*** DATASET ENTRIES ***

(* Let $q$ be a prime power and let $U_1,U_2$ be subspaces of $\mathbf F_q^k$ of dimensions $u_1,u_2$ such that $U_0=U_1\cap U_2$ has dimension $u_0<\min\{u_1,u_2\}$. Let $t\ge0$ and $v_0,v_1,v_2$ be integers with $0\le v_0\le u_0$, $v_0\le v_1\le u_1$, $v_0\le v_2\le u_2$. (i) The number $N_t(u_0,u_1,u_2,v_0,v_1,v_2)$ of $(t+v_1+v_2-v_0)$-dimensional subspaces $V$ of $U_1+U_2$ with $\dim(V\cap U_0)=v_0$, $\dim(V\cap U_1)=v_1$, $\dim(V\cap U_2)=v_2$ equals $$\binom{u_0}{v_0}_q\,q^{(u_0-v_0)(t+v_1+v_2-2v_0)}\,N_t(u_1-u_0,u_2-u_0,v_1-v_0,v_2-v_0).$$ (ii) For $l\ge0$, the number $N^{k,u_0,u_1,u_2}_{l,v_0,v_1,v_2}$ of $l$-dimensional subspaces $V$ of $\mathbf F_q^k$ with $\dim(V\cap U_0)=v_0$, $\dim(V\cap U_1)=v_1$, $\dim(V\cap U_2)=v_2$ equals $$\sum_{t=0}^{t'}q^{((u_1-v_1)+(u_2-v_2)-(u_0-v_0)-t)(l-t-v_1-v_2+v_0)}\binom{k-u_1-u_2+u_0}{\,l-t-v_1-v_2+v_0\,}_q N_t(u_0,u_1,u_2,v_0,v_1,v_2),$$ where $t'=\min\{u_1-v_1,u_2-v_2\}$.
   Context: $\binom{a}{b}_q=\prod_{i=0}^{b-1}\frac{q^a-q^i}{q^b-q^i}$ is the Gaussian binomial coefficient (the number of $b$-dimensional subspaces of $\mathbf F_q^a$), taken to be $0$ if $b<0$ or $b>a$. For integers $t,a,b,c,e\ge0$, $N_t(a,b,c,e)$ denotes the number of $(t+c+e)$-dimensional subspaces $V$ of $A\oplus B$ with $\dim(V\cap A)=c$ and $\dim(V\cap B)=e$, where $A,B$ are subspaces of some $\mathbf F_q$-vector space with $\dim A=a$, $\dim B=b$, $A\cap B=\{0\}$ (this number depends only on $q,t,a,b,c,e$). *)

theory Defs
  imports Complex_Main "HOL-Library.Cardinality" "HOL-Library.Function_Algebras"
begin

text \<open>Vectors of F_q^k are modelled as functions nat => 'a vanishing from index k on,
  where 'a is a finite field with q = CARD('a) elements.\<close>

definition sc :: "'a::field \<Rightarrow> (nat \<Rightarrow> 'a) \<Rightarrow> (nat \<Rightarrow> 'a)" where
  "sc c v = (\<lambda>i. c * v i)"

interpretation fvs: vector_space "sc :: 'a::field \<Rightarrow> (nat \<Rightarrow> 'a) \<Rightarrow> (nat \<Rightarrow> 'a)"
  by unfold_locales (auto simp: sc_def fun_eq_iff algebra_simps)

abbreviation fsubspace :: "(nat \<Rightarrow> 'a::field) set \<Rightarrow> bool" where
  "fsubspace V \<equiv> module.subspace sc V"

abbreviation fdim :: "(nat \<Rightarrow> 'a::field) set \<Rightarrow> nat" where
  "fdim V \<equiv> vector_space.dim sc V"

definition Fk :: "nat \<Rightarrow> (nat \<Rightarrow> 'a::field) set" where
  "Fk k = {v. \<forall>i\<ge>k. v i = 0}"

definition ssum :: "(nat \<Rightarrow> 'a::field) set \<Rightarrow> (nat \<Rightarrow> 'a) set \<Rightarrow> (nat \<Rightarrow> 'a) set" where
  "ssum A B = {x + y | x y. x \<in> A \<and> y \<in> B}"

definition gbinom :: "real \<Rightarrow> int \<Rightarrow> int \<Rightarrow> real" where
  "gbinom q a b = (if b < 0 \<or> b > a then 0
     else (\<Prod>i<nat b. (q ^ nat a - q ^ i) / (q ^ nat b - q ^ i)))"

text \<open>N_t(a,b,c,e) computed with the concrete choice A = F^a (first a coordinates),
  B = the span of coordinates a..a+b-1, so A + B = F^(a+b) and A \<inter> B = 0.\<close>
definition Nt :: "'a::{field,finite} itself \<Rightarrow> nat \<Rightarrow> nat \<Rightarrow> nat \<Rightarrow> nat \<Rightarrow> nat \<Rightarrow> nat" where
  "Nt _ t a b c e =
     (let A = (Fk a :: (nat \<Rightarrow> 'a) set); B = {v \<in> Fk (a + b). \<forall>i<a. v i = 0} in
      card {V. fsubspace V \<and> V \<subseteq> ssum A B \<and> fdim V = t + c + e
              \<and> fdim (V \<inter> A) = c \<and> fdim (V \<inter> B) = e})"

*** End of DATASET ENTRIES ***

• **TASK DESCRIPTION**: Please return exactly the lines that run from the line with "itself \<Rightarrow> nat" through the end of the records above, both included, and nothing more.

• **WRITTEN ANSWER**:
definition Nt :: "'a::{field,finite} itself \<Rightarrow> nat \<Rightarrow> nat \<Rightarrow> nat \<Rightarrow> nat \<Rightarrow> nat \<Rightarrow> nat" where
  "Nt _ t a b c e =
     (let A = (Fk a :: (nat \<Rightarrow> 'a) set); B = {v \<in> Fk (a + b). \<forall>i<a. v i = 0} in
      card {V. fsubspace V \<and> V \<subseteq> ssum A B \<and> fdim V = t + c + e
              \<and> fdim (V \<inter> A) = c \<and> fdim (V \<inter> B) = e})"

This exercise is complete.